Hi John Jack Doe: Am 17.12.18 17:01 schrieb(en) JohnJackDoe tele2 de:
My /old/ machine is running Xubuntu 16.04 LTS. According to your instructions some time ago I build Balsa from GIT succesfully as follows:
[snip]
./configure --with-gpgme --with-gpg-app=/usr/bin/gpg2 --with-html-widget=webkit2 --with-spell-checker=gtkspell --with-rubrica=yes --with-libnotify --with-canberra --enable-smime --with-gtksourceview -- without-gnome --with-gcr=yes --with-compface
I see… this means that you *don't* have gss = Kerberos authentication enabled on this (old) box. The difference to the version from the Buster repo (on the new machine) is that it /has/ Kerberos authentication enabled. As the server offers '250-AUTH GSSAPI NTLM LOGIN', Kerberos authentication is tried first, and as it fails, you're lost. This is a bug I introduced a long time ago, actually. I created a patch 2½ hours ago, which /should/ fix this issue (see the message with subject “[Patch] SMTP, POP: fall back to auth w/ password if GSS failed”). So you have the following options: (1) get the latest git code, and build it with the options above, which disabled gss *or* (2) get the latest git code, and manually apply my patch from the message above *or* (3) wait until someone (Peter?) reviewed the patch and pushed it to git. With options (2) or (3), you may or may not enable gss, and authentication should always work for you. Or you wait for the Debian maintainer to build a new package after (3); no idea how fast they are.
I don't want to sound cheeky but the /old/ GIT version was running perfectly. So I assume that the code was and still is OK.
See above, the difference is that the code on the old box doesn't try to use Kerberos, whilst the pre-built one on the new does (and fails).

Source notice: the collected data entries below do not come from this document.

lemma Schwartz_moment_tendsto_zero:
  assumes "\<phi> \<in> Schwartz" and "F = at_top \<or> F = at_bot"
  shows "((\<lambda>x. complex_of_real (x ^ m) * \<phi> x) \<longlongrightarrow> 0) F"
proof -
  have "((\<lambda>x. complex_of_real (x ^ m) * nderiv 0 \<phi> x) \<longlongrightarrow> 0) at_top \<and>
        ((\<lambda>x. complex_of_real (x ^ m) * nderiv 0 \<phi> x) \<longlongrightarrow> 0) at_bot"
    using assms(1) unfolding Schwartz_def by blast
  then show ?thesis
    using assms(2) by auto
qed

lemma continuous_vanishing_at_infinity_bounded:
  fixes g :: "real \<Rightarrow> 'a::real_normed_vector"
  assumes "\<And>x. isCont g x" and "(g \<longlongrightarrow> 0) at_top" and "(g \<longlongrightarrow> 0) at_bot"
  obtains B where "\<And>t. norm (g t) \<le> B"
proof -
  have "eventually (\<lambda>t. norm (g t) < 1) at_top" "eventually (\<lambda>t. norm (g t) < 1) at_bot"
    using assms(2,3) by (auto intro: order_tendstoD tendsto_norm_zero)
  then obtain T1 T2 where T: "\<And>t. t \<ge> T1 \<Longrightarrow> norm (g t) < 1" "\<And>t. t \<le> T2 \<Longrightarrow> norm (g t) < 1"
    unfolding eventually_at_top_linorder eventually_at_bot_linorder by blast
  have "compact (g ` {T2..T1})"
    using assms(1) by (intro compact_continuous_image continuous_at_imp_continuous_on) auto
  then obtain K where K: "\<And>t. t \<in> {T2..T1} \<Longrightarrow> norm (g t) \<le> K"
    by (meson compact_imp_bounded bounded_iff imageI)
  have "norm (g t) \<le> max K 1" for t
    using T[of t] K[of t] by (cases "t \<in> {T2..T1}") auto
  then show ?thesis using that by blast
qed

lemma one_plus_abs_power_le: "(1 + \<bar>t::real\<bar>) ^ M \<le> 2 ^ M * (1 + \<bar>t\<bar> ^ M)"
proof -
  have "(1 + \<bar>t\<bar>) ^ M \<le> (2 * max 1 \<bar>t\<bar>) ^ M"
    by (intro power_mono) auto
  also have "\<dots> = 2 ^ M * max 1 \<bar>t\<bar> ^ M"
    by (simp add: power_mult_distrib)
  also have "\<dots> \<le> 2 ^ M * (1 + \<bar>t\<bar> ^ M)"
    by (cases "1 \<le> \<bar>t\<bar>") (auto simp: max_def)
  finally show ?thesis .
qed
(* Suppose the data are generated from the uncontaminated causal invertible VARMA model $\phi_0(L)x_t=\theta_0(L)\varepsilon_t$. Let $H_T\subset\{1,\dots,T\}$ be a (possibly data-dependent) retained subset, let $\kappa\ge 0$ be an integer, and let $\hat\varphi_T(\cdot)$ be the minimiser over $\mathcal V$ of the residual-based criterion $f_T(\varphi,\cdot)$. Assume: (A1, local optimisation stability) there is an open set $\mathcal N\subset\mathcal V$ such that, with probability tending to one as $T\to\infty$: (i) there exists $\delta>0$ with $\inf_{\varphi\notin\mathcal N}f_T(\varphi,H_T)\ge\inf_{\varphi\in\mathcal N}f_T(\varphi,H_T)+\delta$; and (ii) for every $\varepsilon>0$ there exists $\eta_\varepsilon>0$ with $\inf_{\varphi\in\mathcal N,\ \|\varphi-\hat\varphi_T(H_T)\|\ge\varepsilon}f_T(\varphi,H_T)\ge f_T(\hat\varphi_T(H_T),H_T)+\eta_\varepsilon$; (A2, stability under patch removal) $\sup_{\varphi\in\mathcal V}|f_T(\varphi,H_T)-f_T(\varphi,S^\kappa H_T)|\to 0$ in probability. Then, with probability tending to one, on the same open set $\mathcal N$: (i) there exists $\delta'>0$ with $\inf_{\varphi\notin\mathcal N}f_T(\varphi,S^\kappa H_T)\ge\inf_{\varphi\in\mathcal N}f_T(\varphi,S^\kappa H_T)+\delta'$; (ii) for every $\varepsilon>0$ there exists $\eta'_\varepsilon>0$ with $\inf_{\varphi\in\mathcal N,\ \|\varphi-\hat\varphi_T(S^\kappa H_T)\|\ge\varepsilon}f_T(\varphi,S^\kappa H_T)\ge f_T(\hat\varphi_T(S^\kappa H_T),S^\kappa H_T)+\eta'_\varepsilon$. Furthermore, $$(K^\kappa\hat\varphi_T)(H_T)-\hat\varphi_T(H_T)\overset{p}{\longrightarrow}0.$$ If instead $\hat\varphi_T$ is a maximiser of the criterion, the same statement holds with every infimum replaced by a supremum and every inequality of the form "$\ge\ \cdot+c$" replaced by "$\le\ \cdot-c$", in both the hypotheses and the conclusions.
   Context: Setting: $\{x_t\}$ is a $d$-dimensional mean-zero process with $\phi_0(L)x_t=\theta_0(L)\varepsilon_t$ (VARMA$(p,q)$), $\varepsilon_t$ zero-mean innovations. The parameter space $\mathcal V$ consists of $\varphi=(\phi,\theta)$ for which the model is causal and invertible; $\varphi_0=(\phi_0,\theta_0)\in\mathcal V$. For $\varphi\in\mathcal V$, $e_t(\varphi)=\theta^{-1}(L)\phi(L)x_t$ is the residual, so $e_t(\varphi_0)=\varepsilon_t$. For a subset $H\subset\{1,\dots,T\}$, the sample criterion is $f_T(\varphi,H)=g_T(\{e_t(\varphi):t\in H\})$ for some function $g_T$ (it depends on $\varphi$ only through these residuals), and $\hat\varphi_T(H)$ denotes an exact optimiser of $f_T(\cdot,H)$ over $\mathcal V$. Patch removal: with $H_T^c=\{1,\dots,T\}\setminus H_T$, $S^\kappa H_T=H_T\setminus\bigcup_{t\in H_T^c}\{t+1,\dots,\min(t+\kappa,T)\}$, and the patch removal operator acts on estimators by $(K^\kappa\hat\varphi_T)(H_T)=\hat\varphi_T(S^\kappa H_T)$. $\kappa$ may depend on $T$.
   Formalization: In A1(i)-(ii) and in conclusions (i)-(ii), $\delta$, $\eta_\varepsilon$, $\delta'$ and $\eta'_\varepsilon$ are fixed positive constants, independent of T and of the sample, chosen before the event whose probability tends to one. Each condition added here is assumed in the paper as well or is needed for the statement above to hold. *)

theory Defs
  imports "HOL-Probability.Probability"
begin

My /new/ machine is running Debian Stretch. I installed the package 2.5.6-1 from the Buster reposotory. I have no idea what compiler optins were used by the maintainer.
The error regarding the GSS security context indicates that they enabled GSS authentication.
I use Balsa, beside POP which is working, with an IMAP account at a Microsoft server. To the IMAP account I authenticate with username and password over SSL. To the SMTP account I authenticate with username only over TLS.
IMAP uses a different implementation, which already tries *all* possible auth methods, starting with GSS (which will fail), and then any other method advertised by the server. The (now fixed) approach for SMTP and POP is more efficient. Thanks a lot for pointing me to this bug, btw! Hope this helps, Albrecht.